About this exercise -> The result should be every line in the data below that carries the string "assumes".

____

(* $9\,(\partial')^2=2\,(1-\partial^2)\,(4\partial^3-3\partial+1-2\lambda^2)/\partial^2$.
   Context: Let $0<\kappa<1$ and $\lambda=\sqrt{1-\kappa^2}$. Let $F(\tfrac16,\tfrac56;\tfrac12;\cdot)$ denote the Gauss hypergeometric function. Define $u$ as a function of $\phi$ near $0$ by $u=\int_0^{\sin\phi}F(\tfrac16,\tfrac56;\tfrac12;\kappa^2t^2)\,\frac{dt}{\sqrt{1-t^2}}$; near the origin (fixing $0$) this inverts to a holomorphic function $u\mapsto\phi(u)$ with $\phi(0)=0$. Let $\psi$ be the holomorphic function near $0$ with $\psi(0)=0$ and $\sin\psi=\kappa\sin\phi$. Set $\partial=\cos\tfrac23\psi$ (a function of $u$ on a small disc about $0$); primes denote $d/du$. *)

theory Defs
  imports "HOL-Complex_Analysis.Complex_Analysis"
begin

definition hyp2f1 :: "complex \<Rightarrow> complex \<Rightarrow> complex \<Rightarrow> complex \<Rightarrow> complex" where
  "hyp2f1 a b c z =
     (\<Sum>n. pochhammer a n * pochhammer b n / (pochhammer c n * fact n) * z ^ n)"

definition U_of_phi :: "real \<Rightarrow> complex \<Rightarrow> complex" where
  "U_of_phi \<kappa> \<phi> =
     contour_integral (linepath 0 (sin \<phi>))
       (\<lambda>t. hyp2f1 (1/6) (5/6) (1/2) ((complex_of_real \<kappa>)\<^sup>2 * t\<^sup>2) / csqrt (1 - t\<^sup>2))"

end

theory Submission
  imports Defs
begin

(* Along t = sin phi the integrand of U_of_phi is F (kappa^2 sin^2 phi) dphi, where
  F = F(1/6, 5/6; 1/2; .), so F (kappa^2 sin^2 phi) phi' = 1. Since sin psi = kappa sin phi,
  the classical evaluation F(a, 1 - a; 1/2; sin^2 x) cos x = cos ((1 - 2a) x) at a = 1/6 gives
  F (kappa^2 sin^2 phi) cos psi = cos (2/3 psi), and differentiating sin psi = kappa sin phi yields
  cos (2/3 psi) psi' = kappa cos phi, hence (cos (2/3 psi) psi')^2 = kappa^2 - sin^2 psi.
  The evaluation holds because W x = F(sin^2 x) cos x satisfies W'' = -(1 - 2a)^2 W by the
  hypergeometric equation, with W 0 = 1 and W' 0 = 0. The rest is algebra:
  d' = -2/3 sin (2/3 psi) psi', and 2 cos^2 psi = 1 + cos (3 (2/3 psi)) = 1 + 4 d^3 - 3 d. *)

lemma not_nonpos_Ints_if_Re_pos: "0 < Re z \<Longrightarrow> z \<notin> \<int>\<^sub>\<le>\<^sub>0"
  by (auto elim!: nonpos_Ints_cases)

lemma LIMSEQ_add_of_nat_divide_add_of_nat:
  fixes x y :: "'a::real_normed_field"
  shows "(\<lambda>n. (x + of_nat n) / (y + of_nat n)) \<longlonglongrightarrow> 1"
proof -
  have "(\<lambda>n. (x / of_nat n + 1) / (y / of_nat n + 1)) \<longlonglongrightarrow> (0 + 1) / (0 + 1)"
    by (intro tendsto_intros) simp
  moreover have "\<forall>\<^sub>F n in sequentially.
      (x / of_nat n + 1) / (y / of_nat n + 1) = (x + of_nat n) / (y + of_nat n)"
    using eventually_gt_at_top[of 0]
    by eventually_elim (simp add: divide_add_eq_iff divide_divide_times_eq)
  ultimately show ?thesis
    by (simp add: tendsto_cong)
qed

lemma fps_conv_radius_gt_add_diff_mult:
  fixes f g :: "'a::{banach,real_normed_field} fps"
  assumes "r < fps_conv_radius f" "r < fps_conv_radius g"
  shows "r < fps_conv_radius (f + g)" "r < fps_conv_radius (f - g)" "r < fps_conv_radius (f * g)"
proof -
  have "r < min (fps_conv_radius f) (fps_conv_radius g)"
    using assms by simp
  then show "r < fps_conv_radius (f + g)" "r < fps_conv_radius (f - g)"
    "r < fps_conv_radius (f * g)"
    using fps_conv_radius_add fps_conv_radius_diff fps_conv_radius_mult
    by (blast intro: less_le_trans)+
qed

lemma tendsto_nhds_if_holomorphic:
  assumes "f holomorphic_on S" "open S" "z \<in> S"
  shows "(f \<longlongrightarrow> f z) (nhds z)"
proof -
  have "isCont f z"
    using assms holomorphic_on_imp_continuous_on continuous_on_eq_continuous_at by blast
  then show ?thesis
    unfolding isCont_def tendsto_at_iff_tendsto_nhds .
qed

lemma has_field_derivative_linepath_integral:
  assumes "f holomorphic_on S" "open S" "convex S" "a \<in> S" "z \<in> S"
  shows "((\<lambda>z. contour_integral (linepath a z) f) has_field_derivative f z) (at z)"
proof -
  have "((\<lambda>z. contour_integral (linepath a z) f) has_field_derivative f z) (at z within S)"
  proof (rule triangle_contour_integrals_convex_primitive[OF _ assms(4,3,5)])
    show "continuous_on S f"
      using assms(1) by (rule holomorphic_on_imp_continuous_on)
    fix b c assume "b \<in> S" "c \<in> S"
    then have "convex hull {a, b, c} \<subseteq> S"
      using assms(3,4) by (intro hull_minimal) auto
    then have "(f has_contour_integral 0) (linepath a b +++ linepath b c +++ linepath c a)"
      using assms(1) by (intro Cauchy_theorem_triangle) (rule holomorphic_on_subset)
    then show "contour_integral (linepath a b) f + contour_integral (linepath b c) f
                 + contour_integral (linepath c a) f = 0"
      by (rule has_chain_integral_chain_integral3)
  qed
  then show ?thesis
    by (simp only: at_within_open[OF assms(5,2)])
qed
text \<open>
  For 0 < a < 1 let X be the closed subspace of l-infinity of sequences with
  y(2n+1) + y(2n+2) = 2a y(0) and z(n) = (y(2n+1) - y(2n+2))/2 tending to 0. With t = y(0),
  X is the sum of the reals and c0 normed by max(|t|, a|t| + sup |z|), and a functional is
  determined by its values on u0 (t = 1, z = 0) and on the unit vectors v n of c0. An extreme
  point of the dual ball charges u0 and a single v m, and its pair of values (t, s) is a vertex of
  the hexagon |s| \<le> 1, |t| + (1 - a)|s| \<le> 1. Extreme points are therefore discrete on finitely
  many coordinates, and only those with |t| = a and support escaping to infinity can accumulate;
  their weak* limits have norm at most a, so X is II-polyhedral. The slice y(0) > 1 - \<eta> of the
  unit ball forces |z(n)| \<le> 1 - a(1 - \<eta>), so for a = 1 - \<eta> its diameter is at most 5\<eta>.
\<close>

lemma dual_space_add: "f \<in> dual_space X \<Longrightarrow> x \<in> X \<Longrightarrow> y \<in> X \<Longrightarrow> f (x + y) = f x + f y"
  unfolding dual_space_def by auto

lemma dual_space_scale: "f \<in> dual_space X \<Longrightarrow> x \<in> X \<Longrightarrow> f (c *\<^sub>R x) = c * f x"
  unfolding dual_space_def by auto

lemma dual_space_outside: "f \<in> dual_space X \<Longrightarrow> x \<notin> X \<Longrightarrow> f x = 0"
  unfolding dual_space_def by auto

lemma dual_space_bounded:
  assumes "f \<in> dual_space X"
  obtains C where "0 \<le> C" "\<And>x. x \<in> X \<Longrightarrow> \<bar>f x\<bar> \<le> C * norm x"
proof -
  obtain C where C: "\<forall>x\<in>X. \<bar>f x\<bar> \<le> C * norm x"
    using assms unfolding dual_space_def by auto
  have "\<bar>f x\<bar> \<le> max C 0 * norm x" if "x \<in> X" for x
    using C that by (meson max.cobounded1 mult_right_mono norm_ge_zero order_trans)
  then show thesis using that[of "max C 0"] by simp
qed

lemma dual_space_diff:
  "subspace X \<Longrightarrow> f \<in> dual_space X \<Longrightarrow> x \<in> X \<Longrightarrow> y \<in> X \<Longrightarrow> f (x - y) = f x - f y"
  using dual_space_add[of f X x "-y"] dual_space_scale[of f X y "-1"] subspace_neg[of X y]
  by simp

lemma dual_space_sum:
  assumes "subspace X" "f \<in> dual_space X" "finite A" "\<And>i. i \<in> A \<Longrightarrow> g i \<in> X"
  shows "f (\<Sum>i\<in>A. g i) = (\<Sum>i\<in>A. f (g i))"
  using assms(3,4)
proof (induction A rule: finite_induct)
  case empty
  show ?case using dual_space_scale[OF assms(2) subspace_0[OF assms(1)], of 0] by simp
next
  case (insert i A)
  then show ?case by (simp add: dual_space_add[OF assms(2)] subspace_sum[OF assms(1)])
qed

lemma dual_spaceI:
  assumes "\<And>x y. x \<in> X \<Longrightarrow> y \<in> X \<Longrightarrow> f (x + y) = f x + f y"
    and "\<And>c x. x \<in> X \<Longrightarrow> f (c *\<^sub>R x) = c * f x"
    and "\<And>x. x \<notin> X \<Longrightarrow> f x = 0"
    and "\<And>x. x \<in> X \<Longrightarrow> \<bar>f x\<bar> \<le> C * norm x"
  shows "f \<in> dual_space X"
  using assms unfolding dual_space_def by blast

lemma dual_space_add_scaled:
  assumes f: "f \<in> dual_space X" and g: "g \<in> dual_space X"
  shows "(\<lambda>x. f x + c * g x) \<in> dual_space X"
proof -
  obtain Cf Cg where Cf: "\<And>x. x \<in> X \<Longrightarrow> \<bar>f x\<bar> \<le> Cf * norm x"
    and Cg: "\<And>x. x \<in> X \<Longrightarrow> \<bar>g x\<bar> \<le> Cg * norm x"
    using dual_space_bounded[OF f] dual_space_bounded[OF g] by metis
  have "\<bar>f x + c * g x\<bar> \<le> (Cf + \<bar>c\<bar> * Cg) * norm x" if "x \<in> X" for x
    using Cf[OF that] mult_left_mono[OF Cg[OF that], of "\<bar>c\<bar>"] abs_triangle_ineq[of "f x" "c * g x"]
    by (simp add: abs_mult algebra_simps)
  then show ?thesis
    using dual_space_add[OF f] dual_space_add[OF g] dual_space_scale[OF f] dual_space_scale[OF g]
      dual_space_outside[OF f] dual_space_outside[OF g]
    by (intro dual_spaceI[where C="Cf + \<bar>c\<bar> * Cg"]) (auto simp: algebra_simps)
qed

lemma dual_ballI: "f \<in> dual_space X \<Longrightarrow> (\<And>x. x \<in> X \<Longrightarrow> \<bar>f x\<bar> \<le> r * norm x) \<Longrightarrow> f \<in> dual_ball X r"
  unfolding dual_ball_def by blast

lemma dual_ballD:
  "f \<in> dual_ball X r \<Longrightarrow> f \<in> dual_space X"
  "f \<in> dual_ball X r \<Longrightarrow> x \<in> X \<Longrightarrow> \<bar>f x\<bar> \<le> r * norm x"
  unfolding dual_ball_def by auto

lemma dual_extD:
  "f \<in> dual_ext X \<Longrightarrow> f \<in> dual_ball X 1"
  "f \<in> dual_ext X \<Longrightarrow> g \<in> dual_ball X 1 \<Longrightarrow> h \<in> dual_ball X 1 \<Longrightarrow>
     (\<And>x. f x = (g x + h x) / 2) \<Longrightarrow> g = h"
  unfolding dual_ext_def by (auto simp: fun_eq_iff)

lemma dual_space_eq_zero_if_zero_on_dense:
  assumes "subspace X" "f \<in> dual_space X" "y \<in> X"
    and dense: "\<And>e. 0 < e \<Longrightarrow> \<exists>d\<in>X. f d = 0 \<and> norm (y - d) \<le> e"
  shows "f y = 0"
proof -
  obtain C where C: "0 \<le> C" "\<And>x. x \<in> X \<Longrightarrow> \<bar>f x\<bar> \<le> C * norm x"
    using dual_space_bounded[OF assms(2)] by blast
  have "\<bar>f y\<bar> \<le> 0 + e" if "0 < e" for e
  proof -
    obtain d where d: "d \<in> X" "f d = 0" "norm (y - d) \<le> e / (C + 1)"
      using dense[of "e / (C + 1)"] \<open>0 < e\<close> C(1) by auto
    have "\<bar>f y\<bar> = \<bar>f (y - d)\<bar>"
      using dual_space_diff[OF assms(1,2,3) d(1)] d(2) by simp
    also have "\<dots> \<le> C * (e / (C + 1))"
      using C d subspace_diff[OF assms(1,3) d(1)] by (meson mult_left_mono order_trans)
    also have "\<dots> \<le> e"
      using C(1) \<open>0 < e\<close> by (simp add: field_simps)
    finally show ?thesis by simp
  qed
  then show ?thesis using field_le_epsilon[of "\<bar>f y\<bar>" 0] by simp
qed

definition in_hexagon :: "real \<Rightarrow> real \<Rightarrow> real \<Rightarrow> bool" where
  "in_hexagon a t s \<longleftrightarrow> \<bar>s\<bar> \<le> 1 \<and> \<bar>t\<bar> + (1 - a) * \<bar>s\<bar> \<le> 1"

definition hexagon_vertex :: "real \<Rightarrow> real \<Rightarrow> real \<Rightarrow> bool" where
  "hexagon_vertex a t s \<longleftrightarrow> (s = 0 \<and> \<bar>t\<bar> = 1) \<or> (\<bar>s\<bar> = 1 \<and> \<bar>t\<bar> = a)"

lemma abs_add_diff_sgn_mult:
  fixes t c :: real
  assumes "\<bar>c\<bar> \<le> \<bar>t\<bar>"
  shows "\<bar>t + sgn t * c\<bar> = \<bar>t\<bar> + c" "\<bar>t - sgn t * c\<bar> = \<bar>t\<bar> - c"
  using assms by (auto simp: sgn_if abs_if split: if_splits)

lemma in_hexagon_edge_midpoint:
  assumes "0 < a" "a < 1" "0 < \<bar>s\<bar>" "\<bar>s\<bar> < 1" "\<bar>t\<bar> + (1 - a) * \<bar>s\<bar> = 1"
  shows "\<exists>p q. q \<noteq> 0 \<and> in_hexagon a (t + p) (s + q) \<and> in_hexagon a (t - p) (s - q)"
proof -
  have "(1 - a) * \<bar>s\<bar> < 1 - a" using assms mult_strict_left_mono[of "\<bar>s\<bar>" 1 "1 - a"] by simp
  then have "0 < \<bar>t\<bar>" using assms by linarith
  define d where "d = min (min \<bar>s\<bar> (1 - \<bar>s\<bar>)) \<bar>t\<bar>"
  have d: "0 < d" "d \<le> \<bar>s\<bar>" "\<bar>s\<bar> + d \<le> 1" "(1 - a) * d \<le> \<bar>t\<bar>"
    using assms \<open>0 < \<bar>t\<bar>\<close> mult_left_le_one_le[of d "1 - a"] unfolding d_def by auto
  have "\<bar>(1 - a) * d\<bar> \<le> \<bar>t\<bar>" "\<bar>d\<bar> \<le> \<bar>s\<bar>" using assms d by simp_all
  note t = abs_add_diff_sgn_mult[OF this(1)] and s = abs_add_diff_sgn_mult[OF this(2)]
  have s': "\<bar>s + - sgn s * d\<bar> = \<bar>s\<bar> - d" "\<bar>s - - sgn s * d\<bar> = \<bar>s\<bar> + d"
    using s by simp_all
  show ?thesis
    unfolding in_hexagon_def
    by (rule exI[of _ "sgn t * ((1 - a) * d)"], rule exI[of _ "- sgn s * d"])
      (simp only: t s', use assms d in \<open>auto simp: sgn_if algebra_simps\<close>)
qed

lemma in_hexagon_non_vertex_midpoint:
  assumes "0 < a" "a < 1" "in_hexagon a t s" "\<not> hexagon_vertex a t s"
  shows "\<exists>p q. (p \<noteq> 0 \<or> q \<noteq> 0) \<and> in_hexagon a (t + p) (s + q) \<and> in_hexagon a (t - p) (s - q)"
proof -
  have s: "\<bar>s\<bar> \<le> 1" and ts: "\<bar>t\<bar> + (1 - a) * \<bar>s\<bar> \<le> 1"
    using assms(3) unfolding in_hexagon_def by auto
  consider "\<bar>s\<bar> = 1" | "\<bar>s\<bar> < 1" "\<bar>t\<bar> + (1 - a) * \<bar>s\<bar> < 1"
    | "0 < \<bar>s\<bar>" "\<bar>s\<bar> < 1" "\<bar>t\<bar> + (1 - a) * \<bar>s\<bar> = 1" | "s = 0" "\<bar>t\<bar> = 1"
    using s ts by (cases "\<bar>s\<bar> = 1"; cases "s = 0") (auto simp: order.order_iff_strict)
  then show ?thesis
  proof cases
    case 1
    then have "\<bar>t\<bar> < a" using ts assms(4) unfolding hexagon_vertex_def by auto
    have shift: "in_hexagon a (t + e) s" "in_hexagon a (t - e) s" if "\<bar>e\<bar> \<le> a - \<bar>t\<bar>" for e
      using that 1 abs_triangle_ineq[of t e] abs_triangle_ineq4[of t e] unfolding in_hexagon_def by simp_all
    show ?thesis
      by (rule exI[of _ "a - \<bar>t\<bar>"], rule exI[of _ 0]) (use shift \<open>\<bar>t\<bar> < a\<close> in auto)
  next
    case 2
    define d where "d = min (1 - \<bar>s\<bar>) (1 - \<bar>t\<bar> - (1 - a) * \<bar>s\<bar>)"
    have d: "0 < d" "\<bar>s\<bar> + d \<le> 1" "\<bar>t\<bar> + (1 - a) * \<bar>s\<bar> + d \<le> 1"
      using 2 unfolding d_def by auto
    have "in_hexagon a t (s + e)" if "\<bar>e\<bar> \<le> d" for e
    proof -
      have "\<bar>s + e\<bar> \<le> \<bar>s\<bar> + d" using that abs_triangle_ineq[of s e] by linarith
      then have "(1 - a) * \<bar>s + e\<bar> \<le> (1 - a) * \<bar>s\<bar> + (1 - a) * d"
        using assms(2) mult_left_mono[of "\<bar>s + e\<bar>" "\<bar>s\<bar> + d" "1 - a"] by (simp add: distrib_left)
      moreover have "(1 - a) * d \<le> d" using assms(1) d(1) by (simp add: algebra_simps)
      ultimately show ?thesis using \<open>\<bar>s + e\<bar> \<le> \<bar>s\<bar> + d\<close> d unfolding in_hexagon_def by linarith
    qed
    note shift = this[of d] this[of "- d"]
    show ?thesis
      by (rule exI[of _ 0], rule exI[of _ d]) (use shift d(1) in auto)
  next
    case 3
    then show ?thesis using in_hexagon_edge_midpoint[OF assms(1,2)] by blast
  next
    case 4
    then show ?thesis using assms(4) unfolding hexagon_vertex_def by simp
  qed
qed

____

Your response ->
  assumes "r < fps_conv_radius f" "r < fps_conv_radius g"
  assumes "f holomorphic_on S" "open S" "z \<in> S"
  assumes "f holomorphic_on S" "open S" "convex S" "a \<in> S" "z \<in> S"
  assumes "f \<in> dual_space X"
  assumes "subspace X" "f \<in> dual_space X" "finite A" "\<And>i. i \<in> A \<Longrightarrow> g i \<in> X"
  assumes "\<And>x y. x \<in> X \<Longrightarrow> y \<in> X \<Longrightarrow> f (x + y) = f x + f y"
  assumes f: "f \<in> dual_space X" and g: "g \<in> dual_space X"
  assumes "subspace X" "f \<in> dual_space X" "y \<in> X"
  assumes "\<bar>c\<bar> \<le> \<bar>t\<bar>"
  assumes "0 < a" "a < 1" "0 < \<bar>s\<bar>" "\<bar>s\<bar> < 1" "\<bar>t\<bar> + (1 - a) * \<bar>s\<bar> = 1"
  assumes "0 < a" "a < 1" "in_hexagon a t s" "\<not> hexagon_vertex a t s"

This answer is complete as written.